Brown knows the answer, of course. Worden isn’t going to fuck with Waltemeyer, who has more than two decades in the trenches. He’s going to fuck with Dave Brown, who has a mere thirteen years on the force. And Donald Waltemeyer isn’t going to drive up to Pikesville at seven A.M. to get bagels for the same reason. Brown gets the bagels because Brown is the new man and Worden is breaking him in. And when the likes of Donald Worden wants a dozen bagels and half a pound of veggie spread, the new man gets in a Cavalier and drives to Philadelphia if need be.
“This is the thanks I get,” says Brown, still goading the older detective.
“What do you want me to do, kiss you?” says Worden, finally responding. “You didn’t even get garlic for me.”
Brown rolls his eyes. Garlic bagels. Always with the goddamn garlic bagels. They’re supposed to be better for the Big Man’s blood pressure, and when Brown brings back onion or poppy on weekend dayshifts, he never hears the end of it. Excluding the image of Waltemeyer locked in the large interrogation room with six drunken Greek stevedores, Brown’s most fully formed fantasy delivers him to Worden’s front lawn at five on a Saturday morning to lob sixty or seventy garlic bagels against the master bedroom windows.
“They didn’t have garlic,” says Brown. “I asked.”
Worden looks at him with contempt. It is the same expression he carries in that crime scene photograph from Cherry Hill, the one that Brown liberated for his personal collection, the one that said, “Brown, you piece of shit, how can you possibly believe those beer cans have anything to do with your crime scene.” One day, Worden just may retire and Dave Brown just may become the next centerpiece of McLarney’s squad. But until then, the younger man’s life is consigned to any hell of Worden’s choosing.

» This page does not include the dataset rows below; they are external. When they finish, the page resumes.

lemma natmap_class:
  assumes "st \<in> gverts X" and "T \<in> Ldom st"
  shows "natmap Y X B dag st (Lrel st `` {T}) = Brel st `` {with_path T []}"
proof -
  have "(\<lambda>(z, q, b). (z, q, b, [])) = (\<lambda>T. with_path T [])" by auto
  then show ?thesis unfolding natmap_def
    using Image_image_equiv_class[OF equiv_Lrel trans_Brel assms(2) with_path_respects[OF _ assms(1)]]
    by simp
qed

lemma lhs_act_class:
  assumes "wpath Y dag dag r" and "T \<in> Ldom st"
  shows "lhs_act Y X B dag st r (Lrel st `` {T}) = Lrel st `` {prepend_lhs r T}"
  unfolding lhs_act_def prepend_lhs_def[symmetric]
  using Image_image_equiv_class[OF equiv_Lrel trans_Lrel assms(2) prepend_lhs_respects[OF _ assms(1)]] .

lemma bis_act_class:
  assumes "wpath Y dag dag r" and "u \<in> Bdom st"
  shows "bis_act Y X B dag st r (Brel st `` {u}) = Brel st `` {prepend_bis r u}"
  unfolding bis_act_def prepend_bis_def[symmetric]
  using Image_image_equiv_class[OF equiv_Brel trans_Brel assms(2) prepend_bis_respects[OF _ assms(1)]] .

lemma natmap_inj:
  assumes "st \<in> gverts X"
  shows "inj_on (natmap Y X B dag st) (lhs_set Y X B dag st)"
proof (rule inj_onI)
  fix C C' assume "C \<in> lhs_set Y X B dag st" "C' \<in> lhs_set Y X B dag st"
    and eq: "natmap Y X B dag st C = natmap Y X B dag st C'"
  then obtain T T' where T: "C = Lrel st `` {T}" "T \<in> Ldom st" and T': "C' = Lrel st `` {T'}" "T' \<in> Ldom st"
    unfolding lhs_set_def by (meson quotientE)
  have "(with_path T [], with_path T' []) \<in> Brel st"
    using eq natmap_class[OF assms] T T' eq_equiv_class_iff[OF equiv_Brel]
      with_path_Bdom[OF _ wnil[OF assms]] by simp
  then have "lift_class st (with_path T []) = lift_class st (with_path T' [])"
    by (rule lift_class_respects)
  then show "C = C'" using T(1) T'(1) by (cases T, cases T') (simp add: lift_class_simp)
qed

lemma natmap_image:
  assumes "st \<in> gverts X"
  shows "natmap Y X B dag st ` lhs_set Y X B dag st = pi1B Y X B dag st"
proof
  show "natmap Y X B dag st ` lhs_set Y X B dag st \<subseteq> pi1B Y X B dag st"
  proof
    fix D assume "D \<in> natmap Y X B dag st ` lhs_set Y X B dag st"
    then obtain T where "T \<in> Ldom st" and "D = natmap Y X B dag st (Lrel st `` {T})"
      unfolding lhs_set_def by (auto elim!: quotientE)
    then show "D \<in> pi1B Y X B dag st"
      using natmap_class[OF assms] quotientI[OF with_path_Bdom[OF _ wnil[OF assms]]]
      unfolding pi1B_def by simp
  qed
next
  show "pi1B Y X B dag st \<subseteq> natmap Y X B dag st ` lhs_set Y X B dag st"
  proof
    fix D assume "D \<in> pi1B Y X B dag st"
    then obtain z q b p where D: "D = Brel st `` {(z, q, b, p)}" and u: "(z, q, b, p) \<in> Bdom st"
      unfolding pi1B_def by (metis quotientE prod_cases4)
    have T: "(z, q, b) \<in> Ldom (rho B z)" "wpath X (rho B z) st p"
      using u unfolding Bdom_iff Ldom_iff by simp_all
    have "D = Brel st `` {with_path (lift (z, q, b) p) []}"
      using D equiv_class_eq[OF equiv_Brel Brel_lift[OF T(2,1)]] by simp
    also have "\<dots> = natmap Y X B dag st (Lrel st `` {lift (z, q, b) p})"
      using natmap_class[OF assms lift_Ldom[OF T(2,1)]] by simp
    finally show "D \<in> natmap Y X B dag st ` lhs_set Y X B dag st"
      unfolding lhs_set_def using quotientI[OF lift_Ldom[OF T(2,1)]] by blast
  qed
qed

lemma natmap_equivariant:
  assumes "st \<in> gverts X" and "wpath Y dag dag r" and "C \<in> lhs_set Y X B dag st"
  shows "natmap Y X B dag st (lhs_act Y X B dag st r C) = bis_act Y X B dag st r (natmap Y X B dag st C)"
proof -
  from assms(3) obtain T where C: "C = Lrel st `` {T}" and T: "T \<in> Ldom st"
    unfolding lhs_set_def by (rule quotientE)
  have "with_path (prepend_lhs r T) [] = prepend_bis r (with_path T [])" by (cases T) simp
  then show ?thesis
    using lhs_act_class[OF assms(2) T] natmap_class[OF assms(1) prepend_lhs_Ldom[OF assms(2) T]]
      bis_act_class[OF assms(2) with_path_Bdom[OF T wnil[OF assms(1)]]] natmap_class[OF assms(1) T]
    unfolding C by simp
qed

end

theorem mainTheorem2:
  fixes Y :: "('y,'g) gog" and X :: "('x,'h) gog" and B :: "('z,'y,'x,'g,'h,'b) gobs"
    and dag :: 'y and st :: 'x
  assumes "is_gog Y" and "is_gog X" and "is_gobs Y X B" and "left_fibrant Y X B"
    and "dag \<in> gverts Y" and "st \<in> gverts X"
  shows "bij_betw (natmap Y X B dag st) (lhs_set Y X B dag st) (pi1B Y X B dag st) \<and>
         (\<forall>r. wpath Y dag dag r \<longrightarrow> (\<forall>C\<in>lhs_set Y X B dag st.
            natmap Y X B dag st (lhs_act Y X B dag st r C) = bis_act Y X B dag st r (natmap Y X B dag st C)))"
proof -
  interpret lifting Y X B dag
    using assms(1-4) by unfold_locales
  show ?thesis
    using natmap_inj[OF assms(6)] natmap_image[OF assms(6)] natmap_equivariant[OF assms(6)]
    unfolding bij_betw_def by blast
qed

end
lemma induced_sub_nP3I:
  assumes wf: "wf_graph G"
    and xa: "\<And>i j. i < n \<Longrightarrow> j < n \<Longrightarrow> adj G (x i) (a j) \<longleftrightarrow> i = j"
    and xb: "\<And>i j. i < n \<Longrightarrow> j < n \<Longrightarrow> adj G (x i) (b j) \<longleftrightarrow> i = j"
    and xx: "\<And>i j. i < n \<Longrightarrow> j < n \<Longrightarrow> \<not> adj G (x i) (x j)"
    and aa: "\<And>i j. i < n \<Longrightarrow> j < n \<Longrightarrow> \<not> adj G (a i) (a j)"
    and bb: "\<And>i j. i < n \<Longrightarrow> j < n \<Longrightarrow> \<not> adj G (b i) (b j)"
    and ab: "\<And>i j. i < n \<Longrightarrow> j < n \<Longrightarrow> \<not> adj G (a i) (b j)"
    and a_ne_b: "\<And>i. i < n \<Longrightarrow> a i \<noteq> b i"
  shows "induced_sub (nP3 n) G"
proof -
  define g where "g r i = (if r = 0 then a i else if r = (1::nat) then x i else b i)" for r i
  have pattern: "adj G (g r i) (g s j) \<longleftrightarrow> i = j \<and> (r = 1 \<longleftrightarrow> s \<noteq> 1)"
    if "i < n" "j < n" for i j r s
    using xa[OF that] xa[OF that(2,1)] xb[OF that] xb[OF that(2,1)] xx[OF that] aa[OF that]
      bb[OF that] ab[OF that] ab[OF that(2,1)] adj_commute[of G "a i" "x j"]
      adj_commute[of G "b i" "x j"] adj_commute[of G "b i" "a j"]
    unfolding g_def by (cases "r = 0"; cases "r = 1"; cases "s = 0"; cases "s = 1") auto
  have blocks: "u = 3 * (u div 3) + u mod 3" "u mod 3 < 3" "u div 3 < n" if "u \<in> verts (nP3 n)" for u
    using that mult_div_mod_eq[of 3 u] by auto
  show ?thesis
  proof (rule induced_subI[where f = "\<lambda>u. g (u mod 3) (u div 3)"])
    fix u assume "u \<in> verts (nP3 n)"
    then have "u div 3 < n"
      by (rule blocks)
    then show "g (u mod 3) (u div 3) \<in> verts G"
      using adj_imp_verts[OF wf xa[of "u div 3" "u div 3", THEN iffD2]]
        adj_imp_verts[OF wf xb[of "u div 3" "u div 3", THEN iffD2]]
      unfolding g_def by auto
  next
    fix u v assume uv: "u \<in> verts (nP3 n)" "v \<in> verts (nP3 n)"
    define i r j s where "i = u div 3" "r = u mod 3" "j = v div 3" "s = v mod 3"
    have "u = 3 * i + r" "v = 3 * j + s" "r < 3" "s < 3" "i < n" "j < n"
      using blocks[OF uv(1)] blocks[OF uv(2)] unfolding i_r_j_s_def by simp_all
    then show "{u, v} \<in> edges (nP3 n) \<longleftrightarrow> adj G (g (u mod 3) (u div 3)) (g (v mod 3) (v div 3))"
      using pattern[of i j r s] nP3_edge_iff[of r s i j n] unfolding i_r_j_s_def by simp
  next
    fix u v assume uv: "u \<in> verts (nP3 n)" "v \<in> verts (nP3 n)"
      and eq: "g (u mod 3) (u div 3) = g (v mod 3) (v div 3)"
      and twin: "\<And>w. w \<in> verts (nP3 n) \<Longrightarrow> {w, u} \<in> edges (nP3 n) \<longleftrightarrow> {w, v} \<in> edges (nP3 n)"
    define i r j s where "i = u div 3" "r = u mod 3" "j = v div 3" "s = v mod 3"
    have u: "u = 3 * i + r" "r < 3" "i < n" and v: "v = 3 * j + s" "s < 3" "j < n"
      using blocks[OF uv(1)] blocks[OF uv(2)] unfolding i_r_j_s_def by simp_all
    have "{3 * i + 1, 3 * i + r} \<in> edges (nP3 n) \<longleftrightarrow> {3 * i + 1, 3 * j + s} \<in> edges (nP3 n)"
      "{3 * i + 0, 3 * i + r} \<in> edges (nP3 n) \<longleftrightarrow> {3 * i + 0, 3 * j + s} \<in> edges (nP3 n)"
      using twin[of "3 * i + 1"] twin[of "3 * i"] u v by simp_all
    then have "i = j" "r = 1 \<longleftrightarrow> s = 1"
      using nP3_edge_iff[of 1 r i i n] nP3_edge_iff[of 1 s i j n] nP3_edge_iff[of 0 r i i n]
        nP3_edge_iff[of 0 s i j n] u(2,3) v(2) by auto
    then have "r = s \<or> r = 0 \<and> s = 2 \<or> r = 2 \<and> s = 0"
      using u(2) v(2) by auto
    then show "u = v"
      using eq a_ne_b[OF \<open>i < n\<close>] \<open>i = j\<close> u v unfolding g_def i_r_j_s_def by auto
  qed
qed
(* Let $A,B,X,Y\in\mathcal{B}(\mathcal{H})$. Then \begin{equation*} w(X^*AY+Y^*BX)\leq 2\|X\|\|Y\|\, w\left(\begin{bmatrix} 0 &A \\ B& 0 \end{bmatrix}\right). \end{equation*} In particular, $$w(X^*AY+Y^*AX)\leq 2\|X\|\|Y\|\, w(A).$$
   Context: $\mathcal{H}$ is a complex Hilbert space and $\mathcal{B}(\mathcal{H})$ is the $C^*$-algebra of all bounded linear operators on $\mathcal{H}$. For $T\in\mathcal{B}(\mathcal{H})$, $w(T)=\sup\{|\langle Tx,x\rangle|:\|x\|=1\}$ is the numerical radius and $\|T\|$ the operator norm. A $2\times 2$ operator matrix with entries in $\mathcal{B}(\mathcal{H})$ is regarded as an operator on $\mathcal{H}\oplus\mathcal{H}$. *)

theory Defs
  imports "HOL-Analysis.Analysis"
begin

class complex_vector = real_vector +
  fixes scaleC :: "complex \<Rightarrow> 'a \<Rightarrow> 'a"
  assumes scaleC_add_right: "scaleC a (x + y) = scaleC a x + scaleC a y"
    and scaleC_add_left: "scaleC (a + b) x = scaleC a x + scaleC b x"
    and scaleC_scaleC: "scaleC a (scaleC b x) = scaleC (a * b) x"
    and scaleC_one: "scaleC 1 x = x"
    and scaleR_scaleC: "scaleR r x = scaleC (complex_of_real r) x"

class complex_inner = complex_vector + real_normed_vector +
  fixes cinner :: "'a \<Rightarrow> 'a \<Rightarrow> complex"
  assumes cinner_commute: "cinner x y = cnj (cinner y x)"
    and cinner_add_left: "cinner (x + y) z = cinner x z + cinner y z"
    and cinner_scaleC_left: "cinner (scaleC c x) y = cnj c * cinner x y"
    and norm_eq_sqrt_cinner: "norm x = sqrt (Re (cinner x x))"

class chilbert_space = complex_inner + complete_space

definition bounded_op :: "('a::complex_inner \<Rightarrow> 'a) \<Rightarrow> bool" where
  "bounded_op T \<longleftrightarrow>
     (\<forall>x y. T (x + y) = T x + T y) \<and>
     (\<forall>c x. T (scaleC c x) = scaleC c (T x)) \<and>
     (\<exists>K. \<forall>x. norm (T x) \<le> norm x * K)"

definition is_adjoint :: "('a::complex_inner \<Rightarrow> 'a) \<Rightarrow> ('a \<Rightarrow> 'a) \<Rightarrow> bool" where
  "is_adjoint T Ts \<longleftrightarrow> (\<forall>x y. cinner (T x) y = cinner x (Ts y))"

text \<open>Numerical radius w(T) = sup{|<Tx,x>| : ||x|| = 1}; the 0 only matters for H = {0}.\<close>
definition numerical_radius :: "('a::complex_inner \<Rightarrow> 'a) \<Rightarrow> real" where
  "numerical_radius T = Sup (insert 0 {cmod (cinner (T x) x) | x. norm x = 1})"

text \<open>Numerical radius of the 2x2 operator matrix [[P, Q], [R, S]] acting on H \<oplus> H
  (with the standard inner product <(x,y),(u,v)> = <x,u> + <y,v>), written out.\<close>
definition numerical_radius2 ::
  "('a::complex_inner \<Rightarrow> 'a) \<Rightarrow> ('a \<Rightarrow> 'a) \<Rightarrow> ('a \<Rightarrow> 'a) \<Rightarrow> ('a \<Rightarrow> 'a) \<Rightarrow> real" where
  "numerical_radius2 P Q R S =
     Sup (insert 0 {cmod (cinner (P x + Q y) x + cinner (R x + S y) y) | x y.
                     (norm x)\<^sup>2 + (norm y)\<^sup>2 = 1})"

For Worden, however, the hell is entirely the creation of his own mind. He has loved this job-loved it too much, perhaps-and now, finally, he seems to be running out of time. That it is hard for Worden to accept this is understandable; for twenty-five years, he came to work every day armed with the knowledge that wherever the department decided to put him, he would shine. It had always been so, beginning with all those years in the Northwest, an extended tour that made working that district second nature to him. Hell, he still can’t work a homicide up there without making some connection to places and people he knew back when. From the beginning, he had never been much on writing the reports, but damned if there was anyone better at reading the street. Nothing happened on his post that escaped Worden’s notice: his memory for faces, for addresses, for incidents that other cops had long forgotten, is simply amazing. Unlike every other detective in the unit, Worden never carries notepaper to his crime scenes for the simple reason that he remembers everything; a standard joke in the unit was that Worden needed a single matchbook to record the particulars of three homicides and a police shooting. On the witness stand, attorneys would often ask to see Worden’s notes, then be incredulous when he claimed to have none.